3.3.1.  ALTO Cost Calendar for all cost modes

   An ALTO Cost Calendar is well-suited for values encoded in the
   "numerical" mode.  Actually, a Calendar can also represent metrics in
   other modes considered as compatible with time-varying values.  For
   example, types of Cost values such as JSONBool can also be
   calendared, as their value may be 'true' or 'false' depending on
   given time periods or likewise, values represented by strings, such
   as "medium", "high", "low", "blue", "open".

   Note also that a Calendar is suitable as well for time-varying
   metrics provided in the "ordinal" mode, if these values are time-
   varying and the ALTO Server provides updates of cost value based
   preferences.

3.3.2.  Compatibility with legacy ALTO Clients

   The ALTO protocol extensions for Cost Calendars have been defined so
   as to ensure that Calendar capable ALTO Servers can provide legacy
   ALTO Clients with legacy information resources as well.  That is, a
   legacy ALTO Client can request resources and receive responses as
   specified in [RFC7285].

   A Calendar-aware ALTO Server MUST implement the base protocol
   specified in [RFC7285].

   As a consequence, when a metric is available as a Calendar array, it
   also MUST be available as a single value as required by [RFC7285].
   The Server, in this case, provides the current value of the metric to
   either Calendar-aware Clients not interested in future or time-based
   values, or Clients implementing [RFC7285] only.

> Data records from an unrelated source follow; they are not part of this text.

(* Let $(X_1,M_1),\dots,(X_n,M_n)$ be i.i.d. copies of $(X,M)\sim\mathbb{P}_{X,M}$, $X\in\mathbb{R}^d$, $M\in\{0,1\}^d$, let $\{P_\theta:\theta\in\Theta\}$, $\Theta\subset\mathbb{R}^p$, be a model, and let $\theta_\infty^{\mathrm{MMD}}\in\arg\min_{\theta\in\Theta}\mathbb{E}_{M\sim\mathbb{P}_M}[\mathbb{D}^2(P_\theta^{(M)},\mathbb{P}_{X\mid M}^{(M)})]$. Define $\ell$, $\widehat L_n$, $L$ by $\ell(x,m;\theta)=\langle\Phi(P_\theta^{(m)}),\Phi(P_\theta^{(m)})\rangle_{\mathcal{H}}-2\langle\Phi(P_\theta^{(m)}),\Phi(x^{(m)})\rangle_{\mathcal{H}}$ for $m\neq(1,\dots,1)$, $\ell(x,(1,\dots,1);\theta)=0$, $\widehat L_n(\theta)=\frac1n\sum_{i=1}^n\ell(X_i,M_i;\theta)$, $L(\theta)=\mathbb{E}[\ell(X,M;\theta)]$. Assume: (a) there is an open neighborhood $O\subset\Theta$ of $\theta_\infty^{\mathrm{MMD}}$ such that for each $m$ in the support of $\mathbb{P}_M$ the map $\theta\mapsto\Phi(P_\theta^{(m)})$ is twice continuously Fréchet differentiable on $O$, with differentiation interchangeable with the integrals involved; (b) there is a compact $K\subset O$ whose interior contains $\theta_\infty^{\mathrm{MMD}}$ such that $\sup_{\theta\in K}\|\partial^2\Phi(P_\theta^{(m)})/\partial\theta_j\partial\theta_k\|_{\mathcal{H}}<\infty$ for every pair $(j,k)$ and every $m$ in the support of $\mathbb{P}_M$. Then the Hessians of $\widehat L_n$ and $L$ exist on $K$ and for every pair $(j,k)$, $$\sup_{\theta\in K}\Big|\frac{\partial^2\widehat L_n(\theta)}{\partial\theta_k\partial\theta_j}-\frac{\partial^2L(\theta)}{\partial\theta_k\partial\theta_j}\Big|\to0\quad\mathbb{P}_{X,M}\text{-almost surely as }n\to\infty.$$
   Context: $M_j=0$ means $X_j$ observed, $M_j=1$ missing; $\mathbb{P}_M$ is the law of $M$ and $\mathbb{P}_{X\mid M=m}$ the conditional law of $X$ given $M=m$. For $m\in\{0,1\}^d$, $x^{(m)}$ is the subvector of observed coordinates $\{j:m_j=0\}$ and $Q^{(m)}$ the law of $Y^{(m)}$, $Y\sim Q$. In every expectation over $M$ the empty pattern $(1,\dots,1)$ is excluded. $k$ is a positive definite kernel bounded by $1$, characteristic and dimension-independent (e.g. Gaussian kernel), with RKHS $\mathcal{H}$, mean embedding $\Phi(Q)=\mathbb{E}_{Y\sim Q}[k(Y,\cdot)]$, $\Phi(x)=k(x,\cdot)$, and MMD $\mathbb{D}(Q_1,Q_2)=\|\Phi(Q_1)-\Phi(Q_2)\|_{\mathcal{H}}$. *)

theory Defs
  imports "HOL-Probability.Probability"
begin

text \<open>Missingness patterns: m :: 'd \<Rightarrow> bool, m j = True means coordinate j is
  MISSING (M_j = 1), m j = False means observed (M_j = 0).\<close>

definition all_missing :: "'d \<Rightarrow> bool" where
  "all_missing = (\<lambda>_. True)"

definition obs_space :: "((real^'d) \<times> ('d \<Rightarrow> bool)) measure" where
  "obs_space = borel \<Otimes>\<^sub>M count_space UNIV"

text \<open>Mean embedding Phi(Q^(m)) of the law of Y^(m), Y ~ Q, given the feature maps
  phi m (phi m y = Phi(y^(m)), which depends only on the observed coordinates of y).\<close>
definition emb :: "(('d \<Rightarrow> bool) \<Rightarrow> real^'d \<Rightarrow> 'h::{real_inner,banach,second_countable_topology})
    \<Rightarrow> (real^'d) measure \<Rightarrow> ('d \<Rightarrow> bool) \<Rightarrow> 'h" where
  "emb phi Q m = (\<integral>y. phi m y \<partial>Q)"

definition law_M :: "((real^'d) \<times> ('d \<Rightarrow> bool)) measure \<Rightarrow> ('d \<Rightarrow> bool) measure" where
  "law_M nu = distr nu (count_space UNIV) snd"

definition cond_law :: "((real^'d) \<times> ('d \<Rightarrow> bool)) measure \<Rightarrow> ('d \<Rightarrow> bool) \<Rightarrow> (real^'d) measure" where
  "cond_law nu m = distr (uniform_measure nu {z \<in> space nu. snd z = m}) borel fst"

definition mmd_obj :: "(('d \<Rightarrow> bool) \<Rightarrow> real^'d \<Rightarrow> 'h::{real_inner,banach,second_countable_topology})
    \<Rightarrow> ('p \<Rightarrow> (real^'d) measure) \<Rightarrow> ((real^'d) \<times> ('d \<Rightarrow> bool)) measure \<Rightarrow> 'p \<Rightarrow> real" where
  "mmd_obj phi P nu \<theta> = (\<integral>m. (if m = all_missing then 0
       else (norm (emb phi (P \<theta>) m - emb phi (cond_law nu m) m))\<^sup>2) \<partial>law_M nu)"

definition ell :: "(('d \<Rightarrow> bool) \<Rightarrow> real^'d \<Rightarrow> 'h::{real_inner,banach,second_countable_topology})
    \<Rightarrow> ('p \<Rightarrow> (real^'d) measure) \<Rightarrow> (real^'d) \<times> ('d \<Rightarrow> bool) \<Rightarrow> 'p \<Rightarrow> real" where
  "ell phi P z \<theta> = (if snd z = all_missing then 0
     else inner (emb phi (P \<theta>) (snd z)) (emb phi (P \<theta>) (snd z))
          - 2 * inner (emb phi (P \<theta>) (snd z)) (phi (snd z) (fst z)))"

definition C2_on :: "(real^'p) set \<Rightarrow> ((real^'p) \<Rightarrow> 'h::real_normed_vector)
    \<Rightarrow> ((real^'p) \<Rightarrow> ((real^'p) \<Rightarrow>\<^sub>L 'h)) \<Rightarrow> ((real^'p) \<Rightarrow> ((real^'p) \<Rightarrow>\<^sub>L (real^'p) \<Rightarrow>\<^sub>L 'h)) \<Rightarrow> bool" where
  "C2_on U f D1 D2 \<longleftrightarrow>
     (\<forall>\<theta>\<in>U. (f has_derivative blinfun_apply (D1 \<theta>)) (at \<theta>)
            \<and> (D1 has_derivative blinfun_apply (D2 \<theta>)) (at \<theta>))
     \<and> continuous_on U D2"

definition has_hessian_at :: "((real^'p) \<Rightarrow> real) \<Rightarrow> ((real^'p) \<Rightarrow>\<^sub>L (real^'p) \<Rightarrow>\<^sub>L real) \<Rightarrow> (real^'p) \<Rightarrow> bool" where
  "has_hessian_at g H \<theta> \<longleftrightarrow>
     (\<exists>g'. (\<forall>\<^sub>F \<theta>' in nhds \<theta>. (g has_derivative blinfun_apply (g' \<theta>')) (at \<theta>'))
           \<and> (g' has_derivative blinfun_apply H) (at \<theta>))"

definition hessian :: "((real^'p) \<Rightarrow> real) \<Rightarrow> (real^'p) \<Rightarrow> ((real^'p) \<Rightarrow>\<^sub>L (real^'p) \<Rightarrow>\<^sub>L real)" where
  "hessian g \<theta> = (THE H. has_hessian_at g H \<theta>)"

text \<open>Second partial derivative d^2 g / (d theta_k d theta_j) = d/d theta_k (d g / d theta_j).\<close>
definition second_partial :: "((real^'p) \<Rightarrow> real) \<Rightarrow> 'p \<Rightarrow> 'p \<Rightarrow> (real^'p) \<Rightarrow> real" where
  "second_partial g k j \<theta> = blinfun_apply (blinfun_apply (hessian g \<theta>) (axis k 1)) (axis j 1)"

end

theory Submission
  imports Defs
begin

text \<open>For each observed pattern m the loss is the quadratic form
  a_m |e_m \<theta>|^2 - 2 \<langle>e_m \<theta>, v_m\<rangle> in the mean embedding e_m \<theta> of the law of the observed
  coordinates under P \<theta>, where a_m is the frequency of the pattern and v_m the mean of
  1{M = m} \<Phi>(X^(m)): empirical for the sample loss, exact for the population loss. Patterns of
  probability zero are almost surely never observed, so both losses are the same finite sum and
  their second partial derivatives are affine in (a, v) with coefficients continuous in \<theta>.
  By the strong law of large numbers (Hoeffding plus Borel--Cantelli) the empirical frequencies
  converge almost surely, and the empirical means converge weakly, tested on a countable dense
  set. Since these means are bounded, the weak convergence is uniform over the compact set of
  values of the second derivatives of e_m on K, hence the Hessians converge uniformly on K.\<close>

section \<open>Second derivatives\<close>

definition has_derivatives2_on ::
    "'a set \<Rightarrow> ('a::real_normed_vector \<Rightarrow> 'b::real_normed_vector)
      \<Rightarrow> ('a \<Rightarrow> 'a \<Rightarrow>\<^sub>L 'b) \<Rightarrow> ('a \<Rightarrow> 'a \<Rightarrow> 'a \<Rightarrow>\<^sub>L 'b) \<Rightarrow> bool" where
  "has_derivatives2_on U f f' f'' \<longleftrightarrow>
     (\<forall>x\<in>U. (f has_derivative blinfun_apply (f' x)) (at x) \<and> (f' has_derivative f'' x) (at x))"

   For compatibility with legacy ALTO Clients specified in [RFC7285],
   calendared information resources are not applicable for full cost
   maps for the following reason: a legacy ALTO Client would receive a
   calendared cost map via an HTTP 'GET' command.  As specified in
   section 8.3.7 of [RFC7285], it will ignore the Calendar Attributes
   indicated in the "meta" of the responses.  Therefore, lacking
   information on Calendar attributes, it will not be able to correctly
   interpret and process the values of the received array of Calendar
   cost values.

Randriamasy, et al.      Expires August 10, 2020                [Page 8]
Internet-Draft             ALTO Cost Calendar              February 2020

   Therefore, calendared information resources MUST be requested via the
   Filtered Cost Map Service or the Endpoint Cost Service, using a POST
   method.

4.  ALTO Calendar specification: IRD extensions

   The Calendar attributes in the IRD information resources capabilities
   carry constant dateless values.  A Calendar is associated with an
   information resource rather than a cost type.  For example, a Server
   can provide a "routingcost" Calendar for the Filtered Cost Map
   Service at a granularity of one day and a "routingcost" Calendar for
   the Endpoint Cost Service at a finer granularity but for a limited
   number of endpoints.  An example IRD with Calendar specific features
   is provided in Section 4.3.

4.1.  Calendar attributes in the IRD resource capabilities

   A Cost Calendar for a given Cost Type MUST be indicated in the IRD by
   an object of type CalendarAttributes.  A CalendarAttribute object is
   represented by the "calendar-attributes" member of a resource entry.
   Each CalendarAttributes object applies to a set of one or more cost
   types.  A Cost Type name MUST appear no more than once in the
   "calendar-attributes" member of a resource entry; multiple
   appearances of a Cost Type name in CalendarAttributes object of the
   "calendar-attributes" member MUST cause the ALTO Client to ignore any
   occurrences of this name beyond the first encountered occurrence.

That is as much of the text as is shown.